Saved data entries
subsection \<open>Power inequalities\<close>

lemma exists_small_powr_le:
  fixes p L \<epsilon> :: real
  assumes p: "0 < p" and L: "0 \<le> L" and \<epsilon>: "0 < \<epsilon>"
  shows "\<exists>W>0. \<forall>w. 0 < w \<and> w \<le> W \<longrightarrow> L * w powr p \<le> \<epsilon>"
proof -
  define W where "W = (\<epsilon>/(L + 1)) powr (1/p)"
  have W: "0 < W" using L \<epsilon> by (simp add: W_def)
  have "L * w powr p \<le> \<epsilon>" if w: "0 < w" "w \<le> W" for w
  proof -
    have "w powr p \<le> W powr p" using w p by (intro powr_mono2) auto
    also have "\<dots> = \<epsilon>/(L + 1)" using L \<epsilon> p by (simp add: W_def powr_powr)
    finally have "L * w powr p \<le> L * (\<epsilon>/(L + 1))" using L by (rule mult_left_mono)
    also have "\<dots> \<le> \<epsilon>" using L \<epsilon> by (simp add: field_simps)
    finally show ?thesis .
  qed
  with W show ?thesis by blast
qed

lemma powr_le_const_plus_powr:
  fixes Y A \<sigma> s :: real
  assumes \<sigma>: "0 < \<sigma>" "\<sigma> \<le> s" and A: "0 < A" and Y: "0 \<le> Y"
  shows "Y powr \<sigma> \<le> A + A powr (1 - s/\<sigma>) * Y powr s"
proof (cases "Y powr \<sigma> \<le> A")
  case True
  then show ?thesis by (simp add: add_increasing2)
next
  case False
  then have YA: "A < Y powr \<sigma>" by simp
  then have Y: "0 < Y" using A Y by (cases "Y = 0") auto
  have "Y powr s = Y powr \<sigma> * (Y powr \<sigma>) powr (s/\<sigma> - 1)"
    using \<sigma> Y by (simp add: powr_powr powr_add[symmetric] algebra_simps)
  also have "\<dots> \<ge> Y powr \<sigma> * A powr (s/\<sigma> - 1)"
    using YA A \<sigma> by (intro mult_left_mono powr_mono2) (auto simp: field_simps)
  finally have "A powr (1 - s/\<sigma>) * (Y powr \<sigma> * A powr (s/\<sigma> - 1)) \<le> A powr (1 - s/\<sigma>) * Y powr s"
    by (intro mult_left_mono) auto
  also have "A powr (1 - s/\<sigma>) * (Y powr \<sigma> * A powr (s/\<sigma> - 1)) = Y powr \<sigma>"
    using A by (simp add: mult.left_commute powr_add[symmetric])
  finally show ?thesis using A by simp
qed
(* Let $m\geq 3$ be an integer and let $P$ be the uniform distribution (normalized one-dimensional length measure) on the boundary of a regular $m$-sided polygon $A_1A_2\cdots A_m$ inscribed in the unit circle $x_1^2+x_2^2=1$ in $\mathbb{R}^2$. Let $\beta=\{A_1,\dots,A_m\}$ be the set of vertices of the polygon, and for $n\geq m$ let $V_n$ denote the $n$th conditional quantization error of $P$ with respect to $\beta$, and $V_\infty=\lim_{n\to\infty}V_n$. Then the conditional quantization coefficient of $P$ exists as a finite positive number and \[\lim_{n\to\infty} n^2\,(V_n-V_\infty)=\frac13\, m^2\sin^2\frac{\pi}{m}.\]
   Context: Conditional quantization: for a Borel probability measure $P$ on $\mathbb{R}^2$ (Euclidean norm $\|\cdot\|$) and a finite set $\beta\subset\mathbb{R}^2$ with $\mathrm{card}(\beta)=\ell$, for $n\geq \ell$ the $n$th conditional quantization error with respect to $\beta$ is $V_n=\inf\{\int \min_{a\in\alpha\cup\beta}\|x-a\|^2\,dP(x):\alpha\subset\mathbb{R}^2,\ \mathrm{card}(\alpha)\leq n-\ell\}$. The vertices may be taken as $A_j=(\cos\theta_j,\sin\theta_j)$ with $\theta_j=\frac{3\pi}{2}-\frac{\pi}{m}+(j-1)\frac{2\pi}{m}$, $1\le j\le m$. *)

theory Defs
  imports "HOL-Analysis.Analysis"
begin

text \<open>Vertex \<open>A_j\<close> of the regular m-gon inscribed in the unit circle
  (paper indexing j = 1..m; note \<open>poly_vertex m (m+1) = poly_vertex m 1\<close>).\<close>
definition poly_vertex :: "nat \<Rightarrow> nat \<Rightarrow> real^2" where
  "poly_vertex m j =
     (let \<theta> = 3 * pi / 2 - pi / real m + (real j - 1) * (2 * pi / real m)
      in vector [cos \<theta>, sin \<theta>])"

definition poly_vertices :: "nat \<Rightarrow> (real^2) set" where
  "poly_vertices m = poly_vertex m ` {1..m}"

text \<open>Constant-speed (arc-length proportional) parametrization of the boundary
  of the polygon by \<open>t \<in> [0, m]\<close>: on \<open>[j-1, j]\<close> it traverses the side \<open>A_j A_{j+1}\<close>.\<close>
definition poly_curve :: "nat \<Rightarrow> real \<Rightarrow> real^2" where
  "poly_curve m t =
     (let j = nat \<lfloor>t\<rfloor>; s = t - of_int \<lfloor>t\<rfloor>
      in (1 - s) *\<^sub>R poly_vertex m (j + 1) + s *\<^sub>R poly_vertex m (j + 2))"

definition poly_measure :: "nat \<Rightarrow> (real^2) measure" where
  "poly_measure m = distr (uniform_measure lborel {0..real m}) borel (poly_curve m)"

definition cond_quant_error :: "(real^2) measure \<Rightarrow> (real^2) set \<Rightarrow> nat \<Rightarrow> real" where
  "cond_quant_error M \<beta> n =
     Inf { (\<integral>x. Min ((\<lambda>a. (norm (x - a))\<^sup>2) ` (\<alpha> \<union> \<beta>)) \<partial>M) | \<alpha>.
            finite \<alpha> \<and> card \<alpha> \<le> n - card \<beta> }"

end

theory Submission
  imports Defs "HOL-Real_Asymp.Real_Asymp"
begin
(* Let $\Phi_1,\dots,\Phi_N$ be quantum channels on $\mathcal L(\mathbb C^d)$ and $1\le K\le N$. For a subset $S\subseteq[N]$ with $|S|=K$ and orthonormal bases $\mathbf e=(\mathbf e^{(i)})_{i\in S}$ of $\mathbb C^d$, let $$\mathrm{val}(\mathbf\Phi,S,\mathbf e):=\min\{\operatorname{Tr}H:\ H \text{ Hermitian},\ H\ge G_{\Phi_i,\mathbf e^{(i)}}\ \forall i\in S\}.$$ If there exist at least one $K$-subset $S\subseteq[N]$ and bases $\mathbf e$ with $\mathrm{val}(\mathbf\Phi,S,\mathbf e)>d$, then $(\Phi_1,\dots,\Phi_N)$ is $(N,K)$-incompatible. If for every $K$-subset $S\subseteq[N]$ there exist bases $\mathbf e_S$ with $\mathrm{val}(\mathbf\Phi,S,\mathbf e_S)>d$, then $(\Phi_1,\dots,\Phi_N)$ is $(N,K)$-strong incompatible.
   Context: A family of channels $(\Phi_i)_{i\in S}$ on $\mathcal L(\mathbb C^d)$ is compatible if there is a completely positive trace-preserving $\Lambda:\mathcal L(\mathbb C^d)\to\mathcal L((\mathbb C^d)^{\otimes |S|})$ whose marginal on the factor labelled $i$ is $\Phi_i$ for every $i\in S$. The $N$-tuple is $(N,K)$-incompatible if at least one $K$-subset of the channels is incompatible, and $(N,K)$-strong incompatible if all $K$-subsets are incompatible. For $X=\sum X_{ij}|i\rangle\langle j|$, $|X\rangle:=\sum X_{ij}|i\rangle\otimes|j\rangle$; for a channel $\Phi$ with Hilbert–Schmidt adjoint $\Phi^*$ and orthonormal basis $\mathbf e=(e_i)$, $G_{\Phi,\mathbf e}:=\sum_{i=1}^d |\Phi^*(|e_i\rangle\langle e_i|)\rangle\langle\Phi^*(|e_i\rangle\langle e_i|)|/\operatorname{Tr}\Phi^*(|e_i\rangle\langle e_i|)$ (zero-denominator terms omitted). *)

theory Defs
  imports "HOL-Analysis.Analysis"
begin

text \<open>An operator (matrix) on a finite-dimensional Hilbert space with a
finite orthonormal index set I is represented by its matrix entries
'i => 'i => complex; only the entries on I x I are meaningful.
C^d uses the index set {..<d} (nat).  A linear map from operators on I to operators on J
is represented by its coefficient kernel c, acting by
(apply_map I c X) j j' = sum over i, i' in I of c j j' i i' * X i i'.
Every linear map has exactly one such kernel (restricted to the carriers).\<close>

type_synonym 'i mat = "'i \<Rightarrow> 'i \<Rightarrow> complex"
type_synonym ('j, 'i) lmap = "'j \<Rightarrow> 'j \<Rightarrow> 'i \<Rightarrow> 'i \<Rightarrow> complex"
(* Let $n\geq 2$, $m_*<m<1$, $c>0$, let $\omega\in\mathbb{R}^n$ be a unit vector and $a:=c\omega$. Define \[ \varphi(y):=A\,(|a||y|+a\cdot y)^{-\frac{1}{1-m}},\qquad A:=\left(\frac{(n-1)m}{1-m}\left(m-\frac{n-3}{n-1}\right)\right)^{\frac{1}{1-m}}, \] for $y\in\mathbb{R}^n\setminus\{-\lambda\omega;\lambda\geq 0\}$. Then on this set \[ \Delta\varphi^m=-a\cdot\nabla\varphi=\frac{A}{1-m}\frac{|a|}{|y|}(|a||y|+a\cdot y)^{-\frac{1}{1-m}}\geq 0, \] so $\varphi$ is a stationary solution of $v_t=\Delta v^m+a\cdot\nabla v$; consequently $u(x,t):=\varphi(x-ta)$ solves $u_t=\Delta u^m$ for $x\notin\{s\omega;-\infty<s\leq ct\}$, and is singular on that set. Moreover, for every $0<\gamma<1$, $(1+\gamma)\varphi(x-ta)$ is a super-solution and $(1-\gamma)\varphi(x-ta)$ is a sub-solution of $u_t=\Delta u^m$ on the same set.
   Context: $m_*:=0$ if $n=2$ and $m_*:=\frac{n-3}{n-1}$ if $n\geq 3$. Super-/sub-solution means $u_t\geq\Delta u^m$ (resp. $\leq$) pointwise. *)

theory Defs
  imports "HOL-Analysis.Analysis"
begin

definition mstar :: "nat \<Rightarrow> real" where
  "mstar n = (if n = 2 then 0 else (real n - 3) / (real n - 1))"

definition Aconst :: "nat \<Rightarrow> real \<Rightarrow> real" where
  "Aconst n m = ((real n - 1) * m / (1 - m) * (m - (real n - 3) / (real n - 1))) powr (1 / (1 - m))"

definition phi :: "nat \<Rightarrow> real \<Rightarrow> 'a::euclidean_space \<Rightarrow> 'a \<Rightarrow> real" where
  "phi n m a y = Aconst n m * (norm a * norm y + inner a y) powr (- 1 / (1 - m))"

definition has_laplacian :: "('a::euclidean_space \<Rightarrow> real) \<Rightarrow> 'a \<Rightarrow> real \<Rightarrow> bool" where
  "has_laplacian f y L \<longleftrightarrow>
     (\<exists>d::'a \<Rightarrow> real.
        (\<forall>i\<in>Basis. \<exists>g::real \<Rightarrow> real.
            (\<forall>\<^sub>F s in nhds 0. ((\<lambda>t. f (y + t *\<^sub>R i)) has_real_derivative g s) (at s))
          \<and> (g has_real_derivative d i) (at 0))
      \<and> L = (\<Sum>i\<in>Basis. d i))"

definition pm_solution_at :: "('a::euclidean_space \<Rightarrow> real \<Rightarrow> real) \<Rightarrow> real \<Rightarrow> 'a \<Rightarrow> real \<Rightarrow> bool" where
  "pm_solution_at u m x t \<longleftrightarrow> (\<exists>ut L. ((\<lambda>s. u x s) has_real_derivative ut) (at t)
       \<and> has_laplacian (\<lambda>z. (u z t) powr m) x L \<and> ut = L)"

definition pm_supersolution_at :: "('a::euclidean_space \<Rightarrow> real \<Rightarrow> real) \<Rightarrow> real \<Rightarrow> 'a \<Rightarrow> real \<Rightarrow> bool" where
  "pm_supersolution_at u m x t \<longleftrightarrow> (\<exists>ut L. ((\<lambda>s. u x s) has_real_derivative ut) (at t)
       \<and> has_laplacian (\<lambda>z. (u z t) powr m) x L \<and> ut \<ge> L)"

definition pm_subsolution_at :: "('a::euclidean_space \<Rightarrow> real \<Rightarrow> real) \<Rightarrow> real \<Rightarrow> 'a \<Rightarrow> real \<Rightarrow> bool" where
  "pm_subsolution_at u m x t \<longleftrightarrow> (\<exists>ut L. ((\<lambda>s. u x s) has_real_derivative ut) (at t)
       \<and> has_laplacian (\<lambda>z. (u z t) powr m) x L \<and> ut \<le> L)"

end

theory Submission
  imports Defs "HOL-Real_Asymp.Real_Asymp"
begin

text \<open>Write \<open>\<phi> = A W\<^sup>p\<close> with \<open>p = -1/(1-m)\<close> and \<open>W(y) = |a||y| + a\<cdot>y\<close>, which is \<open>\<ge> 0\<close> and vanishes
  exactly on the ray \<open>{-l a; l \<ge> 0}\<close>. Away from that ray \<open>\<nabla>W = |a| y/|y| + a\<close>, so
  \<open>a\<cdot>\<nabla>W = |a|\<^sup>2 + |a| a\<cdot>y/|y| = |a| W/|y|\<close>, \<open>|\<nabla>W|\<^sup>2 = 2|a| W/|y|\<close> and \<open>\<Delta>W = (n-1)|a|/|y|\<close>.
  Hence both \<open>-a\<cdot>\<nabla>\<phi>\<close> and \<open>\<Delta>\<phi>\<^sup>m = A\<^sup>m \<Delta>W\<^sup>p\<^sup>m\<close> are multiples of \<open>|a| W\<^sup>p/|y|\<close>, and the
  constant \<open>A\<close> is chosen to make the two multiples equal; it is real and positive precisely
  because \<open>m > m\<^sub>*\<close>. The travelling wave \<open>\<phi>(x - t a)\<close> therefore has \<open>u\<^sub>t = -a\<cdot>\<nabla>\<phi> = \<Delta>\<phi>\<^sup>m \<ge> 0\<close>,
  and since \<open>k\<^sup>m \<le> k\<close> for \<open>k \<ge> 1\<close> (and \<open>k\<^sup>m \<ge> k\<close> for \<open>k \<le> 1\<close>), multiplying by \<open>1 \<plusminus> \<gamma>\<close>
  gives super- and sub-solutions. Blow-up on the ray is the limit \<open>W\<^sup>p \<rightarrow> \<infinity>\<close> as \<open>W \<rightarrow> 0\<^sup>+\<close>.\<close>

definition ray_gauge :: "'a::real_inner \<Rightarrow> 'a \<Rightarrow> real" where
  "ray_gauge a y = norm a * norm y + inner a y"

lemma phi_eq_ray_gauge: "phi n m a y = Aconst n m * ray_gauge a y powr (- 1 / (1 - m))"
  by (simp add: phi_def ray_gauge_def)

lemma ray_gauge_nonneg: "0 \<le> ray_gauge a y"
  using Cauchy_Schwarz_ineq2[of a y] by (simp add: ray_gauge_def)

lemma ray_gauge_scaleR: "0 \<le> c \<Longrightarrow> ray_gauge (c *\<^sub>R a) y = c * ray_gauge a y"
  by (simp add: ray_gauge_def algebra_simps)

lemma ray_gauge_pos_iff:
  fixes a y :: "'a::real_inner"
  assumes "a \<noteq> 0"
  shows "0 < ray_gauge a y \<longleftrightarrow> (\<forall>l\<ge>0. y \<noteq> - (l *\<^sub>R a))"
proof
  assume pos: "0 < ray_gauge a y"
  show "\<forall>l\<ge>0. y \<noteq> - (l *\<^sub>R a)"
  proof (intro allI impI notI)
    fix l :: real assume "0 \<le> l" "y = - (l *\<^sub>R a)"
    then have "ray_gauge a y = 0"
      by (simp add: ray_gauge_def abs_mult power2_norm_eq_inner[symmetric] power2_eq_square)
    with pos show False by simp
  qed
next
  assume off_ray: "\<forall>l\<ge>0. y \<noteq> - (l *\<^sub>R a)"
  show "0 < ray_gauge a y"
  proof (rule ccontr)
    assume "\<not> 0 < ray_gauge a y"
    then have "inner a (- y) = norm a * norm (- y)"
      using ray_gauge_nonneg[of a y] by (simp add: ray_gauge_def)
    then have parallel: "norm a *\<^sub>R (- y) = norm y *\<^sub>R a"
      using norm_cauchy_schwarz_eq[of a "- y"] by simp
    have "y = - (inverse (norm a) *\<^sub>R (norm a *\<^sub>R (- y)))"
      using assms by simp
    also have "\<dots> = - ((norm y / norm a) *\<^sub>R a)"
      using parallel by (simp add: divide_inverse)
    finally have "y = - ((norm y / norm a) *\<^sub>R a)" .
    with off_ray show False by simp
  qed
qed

*Problem description:* Set down the lines above exactly as written. Begin at the line containing "using ray_gauge_nonneg[of a" and stop after the last line.

*Solution below:*
      using ray_gauge_nonneg[of a y] by (simp add: ray_gauge_def)
    then have parallel: "norm a *\<^sub>R (- y) = norm y *\<^sub>R a"
      using norm_cauchy_schwarz_eq[of a "- y"] by simp
    have "y = - (inverse (norm a) *\<^sub>R (norm a *\<^sub>R (- y)))"
      using assms by simp
    also have "\<dots> = - ((norm y / norm a) *\<^sub>R a)"
      using parallel by (simp add: divide_inverse)
    finally have "y = - ((norm y / norm a) *\<^sub>R a)" .
    with off_ray show False by simp
  qed
qed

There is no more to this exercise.